Current performance testing is done in an ad-hoc fashion meaning that servers are deployed and loaded with data to see how the system is working. There exists a perf test environment where a server is running a long time and gets data from spawned agents running the perf test plugin. While this is a good simulation of the real world, it still has the issue that it is not easy to measure effects of changes to the code base of RHQ.
The following areas need to be tested (separately):
Server subsystems
Agent server communication
HA failover stresstesting
UI load testing
Agents under load
Key points:
Performance tests will usually run for a longer period of time, so they should go into their separate Test-group so that they don't interfere with the normal development process
There should be a way to "pre-populate" a larger scenario as the initial resource creation takes a lot of work when writing tests
Emphasis should be put on running test methods in parallel in order to simulate e.g.

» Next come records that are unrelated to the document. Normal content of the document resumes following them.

(* Let $e_1,e_2$ be connected events in the LTSI of CCSK$^{\mathrm P}$. Then: (1) exactly one of $e_1\mathrel\iota e_2$ and $e_1\otimes e_2$ holds; (2) if $e_1\odot e_2$ then $e_1\mathrel\iota e_2$; (3) if $e_1,e_2$ are composable and $e_1\mathrel\iota e_2$ then $e_1\odot e_2$.
   Context: Names $\mathsf N$ with bijection $\overline\cdot$ onto disjoint co-names; $\mathsf L=\mathsf N\cup\overline{\mathsf N}\cup\{\tau\}$ ($\alpha$ over $\mathsf L$, $\lambda$ over $\mathsf L\setminus\{\tau\}$); keys $\mathsf K$ denumerable. CCSK processes $X::=\mathbf 0\mid\alpha.X\mid X\backslash\lambda\mid X+Y\mid X|Y\mid\alpha[k].X$; $\mathrm{keys}(X)$ keys in $X$. Directions $D\in\{\mathrm L,\mathrm R\}$, $\bar{\mathrm L}=\mathrm R$, $\bar{\mathrm R}=\mathrm L$. Proof keyed labels $\theta::=\upsilon\alpha[k]\mid\upsilon\langle\upsilon_1\lambda[k],\upsilon_2\overline\lambda[k]\rangle$ ($\upsilon,\upsilon_i\in\{|_{\mathrm L},|_{\mathrm R},+_{\mathrm L},+_{\mathrm R}\}^*$), $\ell(\upsilon\alpha[k])=\alpha$, $\ell(\upsilon\langle\cdots\rangle)=\tau$, $\mathrm{key}(\theta)=k$. Forward CCSK$^{\mathrm P}$ transitions: least relation closed under (act) $\alpha.X\xrightarrow{\alpha[k]}\alpha[k].X$ if $\mathrm{keys}(X)=\emptyset$; (pre) $X\xrightarrow\theta X',\mathrm{key}(\theta)\ne k\Rightarrow\alpha[k].X\xrightarrow\theta\alpha[k].X'$; (res) $X\xrightarrow\theta X',\ell(\theta)\notin\{\lambda,\overline\lambda\}\Rightarrow X\backslash\lambda\xrightarrow\theta X'\backslash\lambda$; (par) $X\xrightarrow\theta X',\mathrm{key}(\theta)\notin\mathrm{keys}(Y)\Rightarrow X|Y\xrightarrow{|_{\mathrm L}\theta}X'|Y$, $Y|X\xrightarrow{|_{\mathrm R}\theta}Y|X'$; (syn) $X\xrightarrow{\upsilon_1\lambda[k]}X',Y\xrightarrow{\upsilon_2\overline\lambda[k]}Y'\Rightarrow X|Y\xrightarrow{\langle\upsilon_1\lambda[k],\upsilon_2\overline\lambda[k]\rangle}X'|Y'$; (sum) $X\xrightarrow\theta X',\mathrm{keys}(Y)=\emptyset\Rightarrow X+Y\xrightarrow{+_{\mathrm L}\theta}X'+Y$, $Y+X\xrightarrow{+_{\mathrm R}\theta}Y+X'$. Backward transitions are converses of forward ones; $\bar t$ is the inverse of $t$. Only processes reachable by a path from a key-free process are considered. Transitions are connected if there is a path from the source of one to the target of the other; composable if the target of the first is the source of the second; coinitial if same source. Relations on proof labels (least closed under rules; "prefix" = form $\beta[k']$): Connectivity $\frown$: (A1) $\alpha[k]\frown\theta$; (A2) $\theta\frown\alpha[k]$ if $\theta$ not a prefix; (P1) $|_D\theta\frown|_D\theta'$ if $\theta\frown\theta'$; (P2) $|_D\theta\frown|_{\bar D}\theta'$; (C1),(C2) likewise with $+$; (S1) $|_D\theta\frown\langle\theta_{\mathrm L},\theta_{\mathrm R}\rangle$ if $\theta\frown\theta_D$; (S2) symmetric; (S3) $\langle\theta_1,\theta_2\rangle\frown\langle\theta_1',\theta_2'\rangle$ if $\theta_i\frown\theta_i'$ for $i=1,2$. Dependence $\otimes$: A1, A2, C1, C2, P1, S1, S2 with $\otimes$ for $\frown$; (P2$_k$) $|_D\theta\otimes|_{\bar D}\theta'$ if equal keys; (S3) $\langle\theta_1,\theta_2\rangle\otimes\langle\theta_1',\theta_2'\rangle$ if for some $i\ne j$, $\theta_i\otimes\theta_i'$ and $\theta_j\frown\theta_j'$. Independence $\iota$: C1, P1, S1, S2, S3 with $\iota$ for $\frown$, and (P2$_k$) $|_D\theta\mathrel\iota|_{\bar D}\theta'$ if different keys. On transitions: $t_1\mathrel\iota t_2$ iff connected and labels $\iota$. Event equivalence $\sim$: smallest equivalence on transitions with $t\sim t'$ whenever $t:P\to Q$, $u:P\to R$, $u':Q\to S$, $t':R\to S$ ($u'$ with label and direction of $u$, $t'$ of $t$) and $t\mathrel\iota u$. Events are classes $[t]$. For events: $e_1,e_2$ connected (resp. composable) if some $t_1\in e_1$, $t_2\in e_2$ are connected (resp. composable); $e_1\mathrel\iota e_2$ if some $t_1\in e_1,t_2\in e_2$ satisfy $t_1\mathrel\iota t_2$; $e_1\otimes e_2$ if some $t_1\in e_1,t_2\in e_2$ have labels satisfying $\otimes$; core independence $e_1\odot e_2$ if some coinitial $t_1\in e_1,t_2\in e_2$ satisfy $t_1\mathrel\iota t_2$. *)

theory Defs
  imports Main
begin

datatype 'n vis = Nm 'n | Co 'n

datatype 'n act = Vis "'n vis" | Tau

type_synonym key = nat

fun cobar :: "'n vis \<Rightarrow> 'n vis" where
  "cobar (Nm a) = Co a"
| "cobar (Co a) = Nm a"

datatype 'n proc =
    Nil
  | Pre "'n act" "'n proc"
  | Res "'n proc" "'n vis"
  | Sum "'n proc" "'n proc"
  | Par "'n proc" "'n proc"
  | KPre "'n act" key "'n proc"

fun keys :: "'n proc \<Rightarrow> key set" where
  "keys Nil = {}"
| "keys (Pre a X) = keys X"
| "keys (Res X l) = keys X"
| "keys (Sum X Y) = keys X \<union> keys Y"
| "keys (Par X Y) = keys X \<union> keys Y"
| "keys (KPre a k X) = insert k (keys X)"

datatype dir = DL | DR

fun flip :: "dir \<Rightarrow> dir" where
  "flip DL = DR" | "flip DR = DL"

text \<open>Proof keyed labels: Act a k = \<alpha>[k]; PL D t = |_D t; SL D t = +_D t;
  Syn t1 t2 = \<langle>t1,t2\<rangle>.\<close>
datatype 'n plab =
    Act "'n act" key
  | PL dir "'n plab"
  | SL dir "'n plab"
  | Syn "'n plab" "'n plab"

fun lab :: "'n plab \<Rightarrow> 'n act" where
  "lab (Act a k) = a"
| "lab (PL d t) = lab t"
| "lab (SL d t) = lab t"
| "lab (Syn t1 t2) = Tau"

fun pkey :: "'n plab \<Rightarrow> key" where
  "pkey (Act a k) = k"
| "pkey (PL d t) = pkey t"
| "pkey (SL d t) = pkey t"
| "pkey (Syn t1 t2) = pkey t1"

definition is_prefix :: "'n plab \<Rightarrow> bool" where
  "is_prefix t \<longleftrightarrow> (\<exists>a k. t = Act a k)"

fun comp :: "dir \<Rightarrow> 'n plab \<Rightarrow> 'n plab \<Rightarrow> 'n plab" where
  "comp DL tL tR = tL" | "comp DR tL tR = tR"

inductive fwd :: "'n proc \<Rightarrow> 'n plab \<Rightarrow> 'n proc \<Rightarrow> bool" where
  act: "keys X = {} \<Longrightarrow> fwd (Pre a X) (Act a k) (KPre a k X)"
| pre: "fwd X t X' \<Longrightarrow> pkey t \<noteq> k \<Longrightarrow> fwd (KPre a k X) t (KPre a k X')"
| res: "fwd X t X' \<Longrightarrow> lab t \<noteq> Vis l \<Longrightarrow> lab t \<noteq> Vis (cobar l) \<Longrightarrow> fwd (Res X l) t (Res X' l)"
| parL: "fwd X t X' \<Longrightarrow> pkey t \<notin> keys Y \<Longrightarrow> fwd (Par X Y) (PL DL t) (Par X' Y)"
| parR: "fwd X t X' \<Longrightarrow> pkey t \<notin> keys Y \<Longrightarrow> fwd (Par Y X) (PL DR t) (Par Y X')"
| syn: "fwd X t1 X' \<Longrightarrow> fwd Y t2 Y' \<Longrightarrow> lab t1 = Vis l \<Longrightarrow> lab t2 = Vis (cobar l)
        \<Longrightarrow> pkey t1 = k \<Longrightarrow> pkey t2 = k \<Longrightarrow> fwd (Par X Y) (Syn t1 t2) (Par X' Y')"
| sumL: "fwd X t X' \<Longrightarrow> keys Y = {} \<Longrightarrow> fwd (Sum X Y) (SL DL t) (Sum X' Y)"
| sumR: "fwd X t X' \<Longrightarrow> keys Y = {} \<Longrightarrow> fwd (Sum Y X) (SL DR t) (Sum Y X')"

text \<open>A single step, forward or backward (backward transitions are converses).\<close>
definition step :: "'n proc \<Rightarrow> 'n proc \<Rightarrow> bool" where
  "step P Q \<longleftrightarrow> (\<exists>t. fwd P t Q \<or> fwd Q t P)"

definition reachable :: "'n proc \<Rightarrow> bool" where
  "reachable P \<longleftrightarrow> (\<exists>P0. keys P0 = {} \<and> step\<^sup>*\<^sup>* P0 P)"
definition split_interval :: "nat \<Rightarrow> nat set \<Rightarrow> nat set set" where
  "split_interval n I =
     (\<lambda>t. {Min I + t * (card I div n) ..< Min I + (t + 1) * (card I div n)}) ` {..<n}"

text \<open>Level i of the (l 1, ..., l k) interval tree on [L] = {1..L}, L = l 1 * ... * l k
  (meaningful for i \<le> k).\<close>
primrec Lambda :: "(nat \<Rightarrow> nat) \<Rightarrow> nat \<Rightarrow> nat \<Rightarrow> nat set set" where
  "Lambda l L 0 = {{1..L}}"
| "Lambda l L (Suc i) = (\<Union>I\<in>Lambda l L i. split_interval (l (Suc i)) I)"

text \<open>Children J (with J^- = I) of I \<in> Lambda_j: the elements of Lambda_{j+1} contained in I.\<close>
definition children :: "(nat \<Rightarrow> nat) \<Rightarrow> nat \<Rightarrow> nat \<Rightarrow> nat set \<Rightarrow> nat set set" where
  "children l L j I = {J \<in> Lambda l L (Suc j). J \<subseteq> I}"

end

theory Submission
  imports Defs "HOL-Analysis.Analysis"
begin
(* Let $2\le r<m\le n$ and $k\ge1$. Then $\mathcal Z^{m,n}_{r,k}$ has at least $1+\lfloor k/2\rfloor$ irreducible components.
   Context: Let $F$ be an algebraically closed field. For integers $1\le r\le m\le n$ and $k\ge 1$, let $S=F[x^{(l)}_{i,j}:1\le i\le m,\ 1\le j\le n,\ 0\le l\le k-1]$, the coordinate ring of $\mathbf A^{mnk}_F$, and let $X(t)$ be the $m\times n$ matrix over $S[t]/(t^k)$ with $(i,j)$ entry $x_{i,j}(t)=\sum_{l=0}^{k-1}x^{(l)}_{i,j}t^l$. $\mathcal I^{m,n}_{r,k}\subseteq S$ is the ideal generated by the coefficients of $t^l$, $0\le l\le k-1$, of all $r\times r$ minors of $X(t)$, and $\mathcal Z^{m,n}_{r,k}\subseteq\mathbf A^{mnk}_F$ is its zero set. *)

theory Defs
  imports "HOL-Computational_Algebra.Polynomial" "Jordan_Normal_Form.Determinant"
begin

definition alg_closed :: "'a::field itself \<Rightarrow> bool" where
  "alg_closed _ \<longleftrightarrow> (\<forall>p::'a poly. degree p > 0 \<longrightarrow> (\<exists>x. poly p x = 0))"

text \<open>Polynomial functions on the affine space with coordinates indexed by the set V.
  Over an infinite field these are exactly the polynomials in the variables V.\<close>
inductive_set polyfun :: "'v set \<Rightarrow> (('v \<Rightarrow> 'a::comm_ring_1) \<Rightarrow> 'a) set" for V where
  pf_const: "(\<lambda>x. c) \<in> polyfun V"
| pf_var: "v \<in> V \<Longrightarrow> (\<lambda>x. x v) \<in> polyfun V"
| pf_add: "p \<in> polyfun V \<Longrightarrow> q \<in> polyfun V \<Longrightarrow> (\<lambda>x. p x + q x) \<in> polyfun V"
| pf_mult: "p \<in> polyfun V \<Longrightarrow> q \<in> polyfun V \<Longrightarrow> (\<lambda>x. p x * q x) \<in> polyfun V"

definition affine_space :: "'v set \<Rightarrow> ('v \<Rightarrow> 'a::zero) set" where
  "affine_space V = {x. \<forall>v. v \<notin> V \<longrightarrow> x v = 0}"

definition zariski_closed :: "'v set \<Rightarrow> ('v \<Rightarrow> 'a::comm_ring_1) set \<Rightarrow> bool" where
  "zariski_closed V S \<longleftrightarrow>
     (\<exists>P \<subseteq> polyfun V. S = {x \<in> affine_space V. \<forall>p\<in>P. p x = 0})"

definition zariski_irreducible :: "'v set \<Rightarrow> ('v \<Rightarrow> 'a::comm_ring_1) set \<Rightarrow> bool" where
  "zariski_irreducible V S \<longleftrightarrow> zariski_closed V S \<and> S \<noteq> {} \<and>
     (\<forall>A B. zariski_closed V A \<and> zariski_closed V B \<and> S = A \<union> B \<longrightarrow> S = A \<or> S = B)"

definition irreducible_components ::
  "'v set \<Rightarrow> ('v \<Rightarrow> 'a::comm_ring_1) set \<Rightarrow> ('v \<Rightarrow> 'a) set set" where
  "irreducible_components V Z =
     {C. C \<subseteq> Z \<and> zariski_irreducible V C \<and>
         (\<forall>D. D \<subseteq> Z \<and> zariski_irreducible V D \<and> C \<subseteq> D \<longrightarrow> D = C)}"

text \<open>Variables x^{(l)}_{i,j} indexed by (i,j,l) with 0 \<le> i < m, 0 \<le> j < n, 0 \<le> l < k
  (0-based indices).\<close>
definition jet_vars :: "nat \<Rightarrow> nat \<Rightarrow> nat \<Rightarrow> (nat \<times> nat \<times> nat) set" where
  "jet_vars m n k = {0..<m} \<times> {0..<n} \<times> {0..<k}"

definition jet_entry :: "nat \<Rightarrow> (nat \<times> nat \<times> nat \<Rightarrow> 'a::comm_ring_1) \<Rightarrow> nat \<Rightarrow> nat \<Rightarrow> 'a poly" where
  "jet_entry k x i j = (\<Sum>l<k. monom (x (i, j, l)) l)"

definition jet_minor :: "nat \<Rightarrow> nat \<Rightarrow> (nat \<Rightarrow> nat) \<Rightarrow> (nat \<Rightarrow> nat)
     \<Rightarrow> (nat \<times> nat \<times> nat \<Rightarrow> 'a::comm_ring_1) \<Rightarrow> 'a poly" where
  "jet_minor k r f g x = det (mat r r (\<lambda>(a, b). jet_entry k x (f a) (g b)))"

text \<open>Z^{m,n}_{r,k}: the common zeros of the coefficients of t^l (l < k) of all r\<times>r minors
  of X(t), i.e. the zero set of the ideal I^{m,n}_{r,k} (evaluation commutes with
  determinants and with the quotient S[t] \<rightarrow> S[t]/(t^k)).\<close>
definition jet_det_variety :: "nat \<Rightarrow> nat \<Rightarrow> nat \<Rightarrow> nat \<Rightarrow> (nat \<times> nat \<times> nat \<Rightarrow> 'a::comm_ring_1) set" where
  "jet_det_variety m n r k =
     {x \<in> affine_space (jet_vars m n k).
        \<forall>f g. strict_mono_on {0..<r} f \<and> f ` {0..<r} \<subseteq> {0..<m} \<and>
              strict_mono_on {0..<r} g \<and> g ` {0..<r} \<subseteq> {0..<n} \<longrightarrow>
              (\<forall>l<k. coeff (jet_minor k r f g x) l = 0)}"

end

multiple agents talking to a server
multiple users querying the same data in the UI
In addition to the previous, some tests need to run in single thread only.
Writing perf tests for a subsystem before major changes allow to see the improvements after the changes and to potentially post improvement figures
DB agnostic: The perf tests should run on multiple database flavours
On developer machines to "quickly" examine changes in algorithms
On Hudson for (weekly) performance runs
There are several possible ways of doing this
Deploy an RHQ install and use Postgres pg_dump / pg_restore to save the state and to install it back later when testing
Very fast
Postgres only
Setup and dump need to be re-done when data structures in RHQ change
Good modeling of a real-world scenario
Deploy an RHQ install and use Postgres pg_dump with manual INSERT statements
Fast
Inserts are (mostly) db independent
Inserts need to be re-modelled when the db structures change
Classical programatical resource setup in code
IDE catches Class changes and allow to refactor tests too
slow
very much manual work
Table driven setup: set up a real RHQ scenario, dump the database to a file/spread sheet, use this as input to programmatically create resources
Faster than manual setup
IDE can partially catch data structure changes
Database agnostic
Models real world scenario
Slower to initially get done than pg_dump / pg_restore
Relatively easy to set up many more resources than which are in the initial dump
From this comparison 4) looks like the most promising approach:
Note: This has been reworked to use Entity Driven Database Setup but the principle still stays the same.
Data for agents, plugins, resource types, resources are taken from CSV files that are created from a dump of an existing setup. Then the test setup reads those files, created the appropriate resources. Within a loop additional resources of the same type can be created in order to simulate more resources e.g. in a clustered environment.
To initially get the CSV files, there is a new modules helpers/perfDataGen, that reads the tables of an existing RHQ database and creates the CSV file from those.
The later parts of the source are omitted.